#### Prompt:
Go through the entries below and return every line that contains "circ".

+---+

(* Let H1 $=i(x,i(y,x))$, H2 $=i(i(x,i(y,z)),i(i(x,y),i(x,z)))$, H3 $=i(i(x,n(x)),n(x))$, H4 $=i(x,i(n(x),y))$. The formulas provable from H1–H4 using condensed detachment as the sole rule of inference are exactly those provable from H1–H4 using modus ponens and substitution. Moreover, if $b$ has a proof by modus ponens from substitution instances of H1–H4 in which no line contains a double negation, then $b$ has a double-negation-free condensed-detachment proof from H1–H4.
   Context: Formulas are terms built from propositional variables using the binary connective $i$ (implication) and the unary connective $n$ (negation). Modus ponens: from $i(p,q)$ and $p$ infer $q$; substitution: from $p$ infer $p\sigma$. Condensed detachment: from a major premiss $i(A,B)$ and a minor premiss $C$, after renaming variables so that the two premisses share no variables, if $A$ and $C$ are unifiable with most general unifier $\sigma$, infer $B\sigma$; alphabetic variants of axioms count as axioms and conclusions may be renamed. A formula contains a double negation if it has a (not necessarily proper) subformula of the form $n(n(t))$; a condensed-detachment proof is double-negation free if none of its deduced (non-axiom) steps contains a double negation. *)

theory Defs
  imports Main
begin

datatype form = V nat | I form form | N form

primrec subst :: "(nat \<Rightarrow> form) \<Rightarrow> form \<Rightarrow> form" where
  "subst s (V x) = s x"
| "subst s (I a b) = I (subst s a) (subst s b)"
| "subst s (N a) = N (subst s a)"

primrec vars :: "form \<Rightarrow> nat set" where
  "vars (V x) = {x}"
| "vars (I a b) = vars a \<union> vars b"
| "vars (N a) = vars a"

definition variant :: "form \<Rightarrow> form \<Rightarrow> bool" where
  "variant f g \<longleftrightarrow> (\<exists>\<rho>. bij \<rho> \<and> g = subst (V \<circ> \<rho>) f)"

definition is_mgu :: "(nat \<Rightarrow> form) \<Rightarrow> form \<Rightarrow> form \<Rightarrow> bool" where
  "is_mgu \<sigma> s t \<longleftrightarrow> subst \<sigma> s = subst \<sigma> t \<and>
     (\<forall>\<tau>. subst \<tau> s = subst \<tau> t \<longrightarrow> (\<exists>\<rho>. \<forall>x. \<tau> x = subst \<rho> (\<sigma> x)))"

definition cd_step :: "form \<Rightarrow> form \<Rightarrow> form \<Rightarrow> bool" where
  "cd_step M m D \<longleftrightarrow> (\<exists>\<rho>1 \<rho>2 A B \<sigma>. bij \<rho>1 \<and> bij \<rho>2 \<and>
      subst (V \<circ> \<rho>1) M = I A B \<and>
      vars (I A B) \<inter> vars (subst (V \<circ> \<rho>2) m) = {} \<and>
      is_mgu \<sigma> A (subst (V \<circ> \<rho>2) m) \<and>
      variant (subst \<sigma> B) D)"

definition cd_proof :: "form set \<Rightarrow> form list \<Rightarrow> bool" where
  "cd_proof Ax ls \<longleftrightarrow> (\<forall>k < length ls.
      (\<exists>a\<in>Ax. variant a (ls ! k)) \<or>
      (\<exists>M m. M \<in> set (take k ls) \<and> m \<in> set (take k ls) \<and> cd_step M m (ls ! k)))"

definition cd_provable :: "form set \<Rightarrow> form \<Rightarrow> bool" where
  "cd_provable Ax b \<longleftrightarrow> (\<exists>ls. cd_proof Ax ls \<and> ls \<noteq> [] \<and> last ls = b)"

inductive mp_sub_provable :: "form set \<Rightarrow> form \<Rightarrow> bool" for Ax where
  ax: "a \<in> Ax \<Longrightarrow> mp_sub_provable Ax a"
| sub: "mp_sub_provable Ax p \<Longrightarrow> mp_sub_provable Ax (subst s p)"
| mp: "mp_sub_provable Ax (I p q) \<Longrightarrow> mp_sub_provable Ax p \<Longrightarrow> mp_sub_provable Ax q"

definition mp_inst_proof :: "form set \<Rightarrow> form list \<Rightarrow> bool" where
  "mp_inst_proof Ax ls \<longleftrightarrow> (\<forall>k < length ls.
      (\<exists>a\<in>Ax. \<exists>s. ls ! k = subst s a) \<or>
      (\<exists>p. I p (ls ! k) \<in> set (take k ls) \<and> p \<in> set (take k ls)))"

primrec has_dn :: "form \<Rightarrow> bool" where
  "has_dn (V x) = False"
| "has_dn (I a b) = (has_dn a \<or> has_dn b)"
| "has_dn (N a) = ((\<exists>t. a = N t) \<or> has_dn a)"

definition dn_free_cd_proof :: "form set \<Rightarrow> form list \<Rightarrow> bool" where
  "dn_free_cd_proof Ax ls \<longleftrightarrow> cd_proof Ax ls \<and>
     (\<forall>k < length ls. (\<exists>a\<in>Ax. variant a (ls ! k)) \<or> \<not> has_dn (ls ! k))"

definition H1 :: form where "H1 = I (V 0) (I (V 1) (V 0))"
definition H2 :: form where
  "H2 = I (I (V 0) (I (V 1) (V 2))) (I (I (V 0) (V 1)) (I (V 0) (V 2)))"
definition H3 :: form where "H3 = I (I (V 0) (N (V 0))) (N (V 0))"
definition H4 :: form where "H4 = I (V 0) (I (N (V 0)) (V 1))"

definition Hax :: "form set" where "Hax = {H1, H2, H3, H4}"

end

theory Submission
  imports Defs "HOL-Combinatorics.Permutations"
begin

+---+

#### Reply to the task:
  "variant f g \<longleftrightarrow> (\<exists>\<rho>. bij \<rho> \<and> g = subst (V \<circ> \<rho>) f)"
      subst (V \<circ> \<rho>1) M = I A B \<and>
      vars (I A B) \<inter> vars (subst (V \<circ> \<rho>2) m) = {} \<and>
      is_mgu \<sigma> A (subst (V \<circ> \<rho>2) m) \<and>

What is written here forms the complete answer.